What is the highlight of your career?

Not staying in jobs that don’t bring joy! Often I’m asked if I enjoy my work and I say of course! It would be some kind of bizarre self-harm to set up business in something you hate! Also, reading at Oxford and Cambridge. One of my 6th form tutors told me I would never fit in there. She was right! I don’t fit in there. The several times I’ve been there to read Tarot, I’ve been treated like a Queen and the super-bright elite queue around the block to bow down and take in my wisdom! And to gasp in awe at how the quirky irreverent psychic lady channels Science jargon… (Shhh… They don’t need to know. Muggles more than anyone need a little magic in their lives even if it is a polished illusion).

What is your biggest success?

My next one… And then the one after… Etc. Come back in another 30 years, I just might have grown up by then and picked a sensible career.

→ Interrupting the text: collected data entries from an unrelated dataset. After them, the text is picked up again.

lemma walsh_mod_div:
  "walsh a b = walsh (a mod 2 ^ q) (b mod 2 ^ q) * walsh (a div 2 ^ q) (b div 2 ^ q)"
proof -
  let ?S = "{l. bit a l \<and> bit b l}"
  have fin: "finite ?S"
    by (auto intro: finite_subset[OF _ finite_bit_set_nat[of a]])
  have low: "{l \<in> ?S. l < q} = {l. bit (a mod 2 ^ q) l \<and> bit (b mod 2 ^ q) l}"
    by (auto simp: bit_take_bit_iff simp flip: take_bit_eq_mod)
  have "{l \<in> ?S. \<not> l < q} = (+) q ` {l. bit (a div 2 ^ q) l \<and> bit (b div 2 ^ q) l}"
  proof (intro set_eqI iffI)
    fix l assume "l \<in> {l \<in> ?S. \<not> l < q}"
    then show "l \<in> (+) q ` {l. bit (a div 2 ^ q) l \<and> bit (b div 2 ^ q) l}"
      by (intro image_eqI[of _ _ "l - q"]) (auto simp: bit_drop_bit_eq simp flip: drop_bit_eq_div)
  qed (auto simp: bit_drop_bit_eq simp flip: drop_bit_eq_div)
  then have high: "card {l \<in> ?S. \<not> l < q} = card {l. bit (a div 2 ^ q) l \<and> bit (b div 2 ^ q) l}"
    by (simp add: card_image)
  have "card ?S = card ({l \<in> ?S. l < q} \<union> {l \<in> ?S. \<not> l < q})"
    by (rule arg_cong[where f = card]) auto
  also have "\<dots> = card {l \<in> ?S. l < q} + card {l \<in> ?S. \<not> l < q}"
    using fin by (intro card_Un_disjoint finite_subset[OF _ fin]) auto
  finally have "card ?S = card {l \<in> ?S. l < q} + card {l \<in> ?S. \<not> l < q}" .
  then show ?thesis
    unfolding walsh_def low high by (simp add: power_add)
qed

lemma sylvester_eq_walsh:
  assumes "1 \<le> i" "i \<le> 2 ^ p" "1 \<le> j" "j \<le> 2 ^ p"
  shows "sylvester p i j = walsh (i - 1) (j - 1)"
  using assms
proof (induction p arbitrary: i j)
  case (Suc p)
  have half: "(x - 1) div 2 ^ p = (if x \<le> 2 ^ p then 0 else 1) \<and>
      (x - 1) mod 2 ^ p = (if x \<le> 2 ^ p then x else x - 2 ^ p) - 1"
    if "1 \<le> x" "x \<le> 2 ^ Suc p" for x :: nat
  proof (cases "x \<le> 2 ^ p")
    case False
    define y where "y = x - 2 ^ p - 1"
    have "x - 1 = y + 2 ^ p" "y < 2 ^ p"
      using False that by (auto simp: y_def)
    then have "(x - 1) div 2 ^ p = 1" "(x - 1) mod 2 ^ p = y"
      by simp_all
    then show ?thesis
      using False by (simp add: y_def)
  qed (use that in simp)
  have walsh_1_1: "walsh 1 1 = -1"
    using walsh_exp_right[of 1 0] by (simp add: bit_iff_odd)
  show ?case
    using Suc.prems half[of i] half[of j] walsh_mod_div[of "i - 1" "j - 1" p] walsh_1_1
    by (cases "i \<le> 2 ^ p"; cases "j \<le> 2 ^ p") (simp_all add: Suc.IH)
qed simp

section \<open>Sums over bijections\<close>

definition bijs :: "'a set \<Rightarrow> 'b set \<Rightarrow> ('a \<Rightarrow> 'b) set" where
  "bijs A B = {f \<in> A \<rightarrow>\<^sub>E B. bij_betw f A B}"

lemma finite_bijs [simp]: "finite A \<Longrightarrow> finite B \<Longrightarrow> finite (bijs A B)"
  unfolding bijs_def by (rule finite_subset[OF _ finite_PiE[of A "\<lambda>_. B"]]) auto

lemma bijs_singleton: "bijs {a} {b} = {restrict (\<lambda>_. b) {a}}"
  by (auto simp: bijs_def bij_betw_def PiE_def extensional_def fun_eq_iff)

lemma restrict_in_bijs:
  assumes "bij_betw f A B"
  shows "restrict f A \<in> bijs A B"
proof -
  have "bij_betw (restrict f A) A B"
    using assms by (rule bij_betw_cong[THEN iffD1, rotated]) simp
  then show ?thesis
    by (auto simp: bijs_def bij_betw_def)
qed

lemma restrict_comp_in_bijs:
  assumes "bij_betw h B C" "f \<in> bijs A B"
  shows "restrict (h \<circ> f) A \<in> bijs A C"
  using assms by (intro restrict_in_bijs bij_betw_trans[of f A B h C]) (auto simp: bijs_def)

lemma bij_betw_compose_bijs:
  assumes "bij_betw h B C"
  shows "bij_betw (\<lambda>f. restrict (h \<circ> f) A) (bijs A B) (bijs A C)"
proof (rule bij_betw_byWitness[where f' = "\<lambda>g. restrict (inv_into B h \<circ> g) A"])
  have inv: "bij_betw (inv_into B h) C B"
    using assms by (rule bij_betw_inv_into)
  show "\<forall>f\<in>bijs A B. restrict (inv_into B h \<circ> restrict (h \<circ> f) A) A = f"
    using assms by (auto simp: bijs_def bij_betw_def PiE_def extensional_def fun_eq_iff)
  show "\<forall>g\<in>bijs A C. restrict (h \<circ> restrict (inv_into B h \<circ> g) A) A = g"
    using assms by (auto simp: bijs_def bij_betw_def PiE_def Pi_iff extensional_def fun_eq_iff
        f_inv_into_f)
  show "(\<lambda>f. restrict (h \<circ> f) A) ` bijs A B \<subseteq> bijs A C"
    using assms by (auto intro: restrict_comp_in_bijs)
  show "(\<lambda>g. restrict (inv_into B h \<circ> g) A) ` bijs A C \<subseteq> bijs A B"
    using inv by (auto intro: restrict_comp_in_bijs)
qed

lemma bij_betw_preimage:
  assumes "bij_betw f A (B \<union> C)" "B \<inter> C = {}"
  shows "bij_betw f {x \<in> A. f x \<in> B} B"
  using assms by (intro bij_betw_subset[OF assms(1)]) (auto simp: bij_betw_def)

text \<open>Laplace expansion of a permanent along a partition \<open>B \<union> C\<close> of the columns.\<close>
lemma sum_bijs_Un:
  fixes F :: "'a \<Rightarrow> 'b \<Rightarrow> 'c::comm_semiring_1"
  assumes "finite A" "finite B" "finite C" "B \<inter> C = {}"
  shows "(\<Sum>f\<in>bijs A (B \<union> C). \<Prod>x\<in>A. F x (f x)) =
    (\<Sum>A1 | A1 \<subseteq> A \<and> card A1 = card B.
       (\<Sum>f\<in>bijs A1 B. \<Prod>x\<in>A1. F x (f x)) * (\<Sum>g\<in>bijs (A - A1) C. \<Prod>x\<in>A - A1. F x (g x)))"
proof -
  let ?S = "{A1. A1 \<subseteq> A \<and> card A1 = card B}"
  let ?T = "Sigma ?S (\<lambda>A1. bijs A1 B \<times> bijs (A - A1) C)"
  let ?h = "\<lambda>(A1, f, g). (\<Prod>x\<in>A1. F x (f x)) * (\<Prod>x\<in>A - A1. F x (g x))"
  let ?split = "\<lambda>f. ({x \<in> A. f x \<in> B}, restrict f {x \<in> A. f x \<in> B},
    restrict f (A - {x \<in> A. f x \<in> B}))"
  let ?merge = "\<lambda>(A1, f, g) x. if x \<in> A1 then f x else g x"
  have fin_S: "finite ?S"
    using assms(1) by (rule finite_subset[rotated, OF finite_Pow_iff[THEN iffD2]]) auto
  have "(\<Sum>A1\<in>?S. (\<Sum>f\<in>bijs A1 B. \<Prod>x\<in>A1. F x (f x)) * (\<Sum>g\<in>bijs (A - A1) C. \<Prod>x\<in>A - A1. F x (g x)))
      = (\<Sum>A1\<in>?S. \<Sum>fg\<in>bijs A1 B \<times> bijs (A - A1) C. ?h (A1, fg))"
    using assms by (intro sum.cong refl)
      (auto simp: sum_product sum.cartesian_product split_beta intro: finite_subset)
  also have "\<dots> = (\<Sum>t\<in>?T. ?h t)"
    using fin_S assms by (subst sum.Sigma)
      (auto intro!: finite_cartesian_product finite_bijs intro: finite_subset[OF _ assms(1)])
  also have "\<dots> = (\<Sum>f\<in>bijs A (B \<union> C). \<Prod>x\<in>A. F x (f x))"
  proof (rule sym, rule sum.reindex_bij_witness[where i = ?merge and j = ?split])
    fix f assume "f \<in> bijs A (B \<union> C)"
    then have f: "f \<in> A \<rightarrow>\<^sub>E B \<union> C" "bij_betw f A (B \<union> C)"
      by (auto simp: bijs_def)
    have AC: "A - {x \<in> A. f x \<in> B} = {x \<in> A. f x \<in> C}"
      using f(1) assms(4) by auto
    have bB: "bij_betw f {x \<in> A. f x \<in> B} B"
      using f(2) assms(4) by (rule bij_betw_preimage)
    have bC: "bij_betw f {x \<in> A. f x \<in> C} C"
      using bij_betw_preimage[of f A C B] f(2) assms(4) by (simp add: Un_commute Int_commute)
    show "?merge (?split f) = f"
      using f(1) by (auto simp: fun_eq_iff PiE_def extensional_def)
    have "restrict f (A - {x \<in> A. f x \<in> B}) \<in> bijs (A - {x \<in> A. f x \<in> B}) C"
      unfolding AC by (rule restrict_in_bijs[OF bC])
    then show "?split f \<in> ?T"
      using restrict_in_bijs[OF bB] bij_betw_same_card[OF bB] by auto
    have "?h (?split f) = (\<Prod>x\<in>{x \<in> A. f x \<in> B}. F x (f x)) * (\<Prod>x\<in>A - {x \<in> A. f x \<in> B}. F x (f x))"
      by (auto intro!: arg_cong2[where f = times] prod.cong)
    also have "\<dots> = (\<Prod>x\<in>A. F x (f x))"
      using assms(1) by (subst mult.commute, intro prod.subset_diff[symmetric]) auto
    finally show "?h (?split f) = (\<Prod>x\<in>A. F x (f x))" .
  next
    fix t assume "t \<in> ?T"
    then obtain A1 f g where t: "t = (A1, f, g)" "A1 \<subseteq> A"
        and f: "f \<in> A1 \<rightarrow>\<^sub>E B" "bij_betw f A1 B"
        and g: "g \<in> A - A1 \<rightarrow>\<^sub>E C" "bij_betw g (A - A1) C"
      by (auto simp: bijs_def)
    have A1: "{x \<in> A. ?merge t x \<in> B} = A1"
      using t f g assms(4) by (auto simp: PiE_def Pi_def)
    show "?split (?merge t) = t"
      unfolding A1 using t f g by (auto simp: fun_eq_iff PiE_def extensional_def)
    have "bij_betw (?merge t) (A1 \<union> (A - A1)) (B \<union> C)"
      using f(2) g(2) assms(4) unfolding t
      by (intro bij_betw_combine) (auto intro: bij_betw_cong[THEN iffD1, rotated])
    moreover have "A1 \<union> (A - A1) = A"
      using t by auto
    ultimately show "?merge t \<in> bijs A (B \<union> C)"
      using t f g by (auto simp: bijs_def PiE_def Pi_def extensional_def)
  qed
  finally show ?thesis ..
qed

section \<open>Parity and counting\<close>

lemma prod_minus_one_if:
  assumes "finite A"
  shows "(\<Prod>x\<in>A. if P x then -1 else 1 :: 'a::comm_ring_1) = (-1) ^ card {x \<in> A. P x}"
  using assms by (simp add: prod.If_cases Collect_conj_eq Int_commute)

lemma even_sum_iff_even_card_odd:
  fixes f :: "'a \<Rightarrow> 'b::semiring_parity"
  assumes "finite A"
  shows "even (sum f A) \<longleftrightarrow> even (card {x \<in> A. odd (f x)})"
  using assms
proof (induction A rule: finite_induct)
  case (insert a A)
  have "{x \<in> insert a A. odd (f x)} = (if odd (f a) then insert a {x \<in> A. odd (f x)} else {x \<in> A. odd (f x)})"
    by auto
  with insert show ?case
    by simp
qed simp

lemma sum_odd_multiples:
  fixes f :: "'a \<Rightarrow> int"
  assumes "finite S" "odd (card S)" "\<And>x. x \<in> S \<Longrightarrow> \<exists>w. odd w \<and> f x = c * w"
  shows "\<exists>w. odd w \<and> sum f S = c * w"
proof -
  obtain w where w: "\<And>x. x \<in> S \<Longrightarrow> odd (w x) \<and> f x = c * w x"
    using assms(3) by metis
  have "{x \<in> S. odd (w x)} = S"
    using w by auto
  then have "odd (sum w S)"
    using even_sum_iff_even_card_odd[OF assms(1), of w] assms(2) by simp
  moreover have "sum f S = c * sum w S"
    using w by (simp add: sum_distrib_left)
  ultimately show ?thesis
    by blast
qed

lemma sum_card_Int_eq_sum_card:
  fixes F :: "'a set set"
  assumes "finite F" "finite S"
  shows "(\<Sum>X\<in>F. card (X \<inter> S)) = (\<Sum>x\<in>S. card {X \<in> F. x \<in> X})"
proof -
  have "(\<Sum>X\<in>F. card (X \<inter> S)) = (\<Sum>X\<in>F. \<Sum>x\<in>S. if x \<in> X then 1 else 0)"
    using assms(2) by (intro sum.cong refl) (simp add: sum.If_cases Int_commute)
  also have "\<dots> = (\<Sum>x\<in>S. \<Sum>X\<in>F. if x \<in> X then 1 else 0)"
    by (rule sum.swap)
  also have "\<dots> = (\<Sum>x\<in>S. card {X \<in> F. x \<in> X})"
    using assms(1) by (simp add: sum.If_cases Collect_conj_eq Int_commute)
  finally show ?thesis .
qed

lemma even_exp_choose:
  assumes "0 < j" "j < 2 ^ q"
  shows "even ((2::nat) ^ q choose j)"
proof (rule ccontr)
  assume odd: "odd ((2::nat) ^ q choose j)"
  have "(2::nat) ^ q dvd j * (2 ^ q choose j)"
    using times_binomial_minus1_eq[OF assms(1), of "2 ^ q"] by (metis dvd_triv_left)
  moreover have "coprime ((2::nat) ^ q) (2 ^ q choose j)"
    using odd by simp
  ultimately have "(2::nat) ^ q dvd j"
    by (simp add: coprime_dvd_mult_left_iff)
  with assms show False
    by (auto dest: dvd_imp_le)
qed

6 thoughts on “My 30th Alumni Anniversary

      1. Lol. Or, in my case my ‘rents. They wouldn’t allow me to work during college. “College is your job right now, except for on holidays.” And, of course when I’d mis-spend my youth… OH, I’m gonna never live that down. Every vacation each one stacking up on the others. Made me wish I had student loaned it for early freedom and burgeoning sovereignty in lue of indentured servant to my education. NO complaints, really, though. It was simply my experience. I DID take a couple of student loans to start Graduate School, though I knew I would be withdrawing the day before the deadline to get an “ I “ rather than a drop-out, so if I ever wanted to come back… and ONLY enrolled in Profs’ classes that I felt needed some more effin with.

        My joke is that I had government sponsored grade appeals. Funny really. Smiling, I went 12 for 12. Each semester when the Dean had switched my Prof selection for whatever class, and I walk in to raise my eyebrows at my now new, though very familiar Design nemesis Prof, the Prof would be doing that get-to-know-everyone banter before the semester started. One by one, my colleagues would start to go silent noticing me “hiding in plain sight” just inside the open door. Never failed. The Prof would turn to see what was drawing everyone’s attention and bow their head with a muttered, “Fuck. Again.” One actually, expressed, “Do you HAVE to be here. Can you switch? We just finished your grade appeal.” “I’m aware of that. Thank you for conceding. But,Ahhh no. The Dean talked some sense into me. You have some catching up to do, though I bet you have it in you. Isn’t that what you told me? Cool. I’m game. How about we go for best 2 out of 3?” 🙂

        Liked by 1 person

      2. ” It was simply my experience” Yes! Exactly what ‘education’ should be. I forgot what I was going to say as I drifted into thinking about Ferris Bueller’s Day Off 🤣

        Liked by 1 person

      3. Ferris Buehler’s Day Off provides an excellent analogy, even whole movie as metaphor, of the value of unapologetic experience and perspective. For, why should one be sorry, when one is simply living, and has not done wrong. And, if wrong is done, one can directly address it IN the moment wise in time rather than digesting seeds of potential weed-trouble later.